If talking to your dog makes you smart, I'm a super genius

“Good morning, Milly. Did you see the story in the New York Times about dogs this morning?”

“You know I don’t read the failing New York Times.”

“What?!? Where do you get this stuff? The New York Times is doing just fine, thank you. Are you watching Fox News again while I’m slaving away at work?”

“Of course not. I don’t even know how to operate the remote. You know, you could leave the TV on for me when you leave. Animal Planet, please.”

“I’m not leaving the TV on for you. If you want to be entertained, just sit at the window and watch the geese. Anyway, since you didn’t see the story, let me tell you about it. A scientist at the University of Chicago has done research, which has shown that people who talk to their dogs are very smart and very creative.”

“Oh, really? I bet that professor has a dog and he’s just making up research to make him look less silly for carrying on a conversation with his dog.”

“Why do you say something like that?”

“Because, Bald-Headed Guy, everyone knows that dogs are smarter that humans.”

“And exactly how to you figure that?”

“Well, it’s pretty simple, really. After only being with you a couple of days, I weaseled my way into sleeping in your bed at night. About six o’clock every night, I must bark to remind you to feed me. I must bark to remind you to take me outside. And, oh, while we’re outside, just who is the one picking up the indiscretions left on the ground?”

“None of that makes you smarter than me. It just shows how much I love you and want to care for you.”

“None of that makes you a rocket scientist, either.”

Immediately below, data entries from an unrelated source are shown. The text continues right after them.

(* Let $M$ be a nearly finitary matroid on ground set $E$ that is not $n$-nearly finitary for any $n\in\mathbb{N}$, and let $S\subseteq E$ be finite. Then the deletion $M-S$ is a nearly finitary matroid that is not $n$-nearly finitary for any $n\in\mathbb{N}$.
   Context: Matroids (possibly infinite): $\emptyset$ independent; subsets of independent sets independent; if $B$ is maximal independent and $A$ non-maximal independent, then $A\cup\{b\}$ is independent for some $b\in B\setminus A$; for independent $A\subseteq X\subseteq E$ there is a maximal independent $S'$ with $A\subseteq S'\subseteq X$. Bases are maximal independent sets. The deletion $M-S$ is the matroid on $E\setminus S$ whose independent sets are the independent sets of $M$ contained in $E\setminus S$. The finitarization $M^{\mathrm{fin}}$ has as independent sets those sets all of whose finite subsets are independent in $M$. $M$ is nearly finitary if $F\setminus B$ is finite whenever a base $F$ of $M^{\mathrm{fin}}$ contains a base $B$ of $M$; $n$-nearly finitary if $|F\setminus B|\le n$ for all such pairs. *)

theory Defs
  imports Main
begin

definition max_indep :: "('a set \<Rightarrow> bool) \<Rightarrow> 'a set \<Rightarrow> 'a set \<Rightarrow> bool" where
  "max_indep Ind X B \<longleftrightarrow> B \<subseteq> X \<and> Ind B \<and> (\<forall>B'. B \<subseteq> B' \<and> B' \<subseteq> X \<and> Ind B' \<longrightarrow> B' = B)"

definition basis :: "'a set \<Rightarrow> ('a set \<Rightarrow> bool) \<Rightarrow> 'a set \<Rightarrow> bool" where
  "basis E Ind B \<longleftrightarrow> max_indep Ind E B"

definition matroid :: "'a set \<Rightarrow> ('a set \<Rightarrow> bool) \<Rightarrow> bool" where
  "matroid E Ind \<longleftrightarrow>
     (\<forall>A. Ind A \<longrightarrow> A \<subseteq> E) \<and>
     Ind {} \<and>
     (\<forall>A B. Ind B \<and> A \<subseteq> B \<longrightarrow> Ind A) \<and>
     (\<forall>A B. basis E Ind B \<and> Ind A \<and> \<not> basis E Ind A \<longrightarrow>
            (\<exists>b \<in> B - A. Ind (insert b A))) \<and>
     (\<forall>A X. Ind A \<and> A \<subseteq> X \<and> X \<subseteq> E \<longrightarrow>
            (\<exists>S'. A \<subseteq> S' \<and> max_indep Ind X S'))"

definition fin_indep :: "'a set \<Rightarrow> ('a set \<Rightarrow> bool) \<Rightarrow> 'a set \<Rightarrow> bool" where
  "fin_indep E Ind A \<longleftrightarrow> A \<subseteq> E \<and> (\<forall>F. F \<subseteq> A \<and> finite F \<longrightarrow> Ind F)"

definition del_ground :: "'a set \<Rightarrow> 'a set \<Rightarrow> 'a set" where
  "del_ground E S = E - S"

definition del_indep :: "'a set \<Rightarrow> ('a set \<Rightarrow> bool) \<Rightarrow> 'a set \<Rightarrow> 'a set \<Rightarrow> bool" where
  "del_indep E Ind S A \<longleftrightarrow> Ind A \<and> A \<subseteq> E - S"

definition nearly_finitary :: "'a set \<Rightarrow> ('a set \<Rightarrow> bool) \<Rightarrow> bool" where
  "nearly_finitary E Ind \<longleftrightarrow>
     (\<forall>F B. basis E (fin_indep E Ind) F \<and> basis E Ind B \<and> B \<subseteq> F \<longrightarrow> finite (F - B))"

definition n_nearly_finitary :: "nat \<Rightarrow> 'a set \<Rightarrow> ('a set \<Rightarrow> bool) \<Rightarrow> bool" where
  "n_nearly_finitary n E Ind \<longleftrightarrow>
     (\<forall>F B. basis E (fin_indep E Ind) F \<and> basis E Ind B \<and> B \<subseteq> F \<longrightarrow>
        finite (F - B) \<and> card (F - B) \<le> n)"

end

theory Submission
  imports Defs
begin

text \<open>
  Two maximal independent subsets of a set X \<subseteq> E that differ by finitely many elements on one
  side differ by equally many on the other, by repeated exchange. Applied to M and to its
  finitarization, which is again a matroid, this shows that deleting a finite set S moves a base
  of either by at most |S| elements to a maximal independent subset of E - S. Comparing a pair
  B \<subseteq> F of bases of M - S and of its finitarization with such a pair for M then shows that F - B
  stays finite, and that |F - B| \<le> n for M - S would give |F - B| \<le> 2n + 3|S| for M.
\<close>

lemma max_indep_subset: "max_indep P X B \<Longrightarrow> B \<subseteq> X"
  unfolding max_indep_def by blast

lemma max_indep_indep: "max_indep P X B \<Longrightarrow> P B"
  unfolding max_indep_def by blast

lemma max_indep_maximal: "max_indep P X B \<Longrightarrow> B \<subseteq> B' \<Longrightarrow> B' \<subseteq> X \<Longrightarrow> P B' \<Longrightarrow> B' = B"
  unfolding max_indep_def by blast

lemma max_indepI:
  "B \<subseteq> X \<Longrightarrow> P B \<Longrightarrow> (\<And>B'. B \<subseteq> B' \<Longrightarrow> B' \<subseteq> X \<Longrightarrow> P B' \<Longrightarrow> B' = B) \<Longrightarrow> max_indep P X B"
  unfolding max_indep_def by blast

lemma max_indep_insert: "max_indep P X B \<Longrightarrow> x \<in> X \<Longrightarrow> x \<notin> B \<Longrightarrow> \<not> P (insert x B)"
  using max_indep_maximal[of P X B "insert x B"] max_indep_subset[of P X B] by auto

lemma max_indep_restrict_iff:
  "X \<subseteq> Z \<Longrightarrow> max_indep (\<lambda>A. P A \<and> A \<subseteq> Z) X B \<longleftrightarrow> max_indep P X B"
  unfolding max_indep_def by (metis order_trans)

“Well, Milly, before you get too full of yourself, maybe I should tell you about another study I heard about today. A psychologist at the University of Exeter in Britain has studied canine intelligence and he had found that dogs are no smarter than horses or chimpanzees – or even cats.”

“CATS?!? What has a cat ever done that was intelligent? Snooty little vermin. They ought to be chased right off the planet.”

“Oh, come on. Cats aren’t that bad.”

“Ever gotten one to chase a tennis ball? What about all those long walks you like to go on? I think they’re fun. But you ain’t getting a cat on a leash, silly boy.”

“Still, the story was very persuasive. The research shows that said dogs cannot use tools, unlike dolphins and chimpanzees, which have been observed using sticks to fish for termites. Homing pigeons are trained to fly home, sometimes crossing hundreds of miles of unfamiliar terrain.”

“So now you’re suggesting that I’m dumber than a pigeon?”

“Well, no. But if I need something to get a thousand miles, I’d trust a homing pigeon over a springer spaniel.”

“Whatever, dude.”

“How about we call a truce? Let’s just admit that we are both pretty smart, but that there are people and dogs smarter than us.”

“Fine by me. I wasn’t the one who started the whole ‘dogs are dumb’ conversation.”

“I’m sorry.”

“Apology accepted. Now go to the kitchen and make me some breakfast.”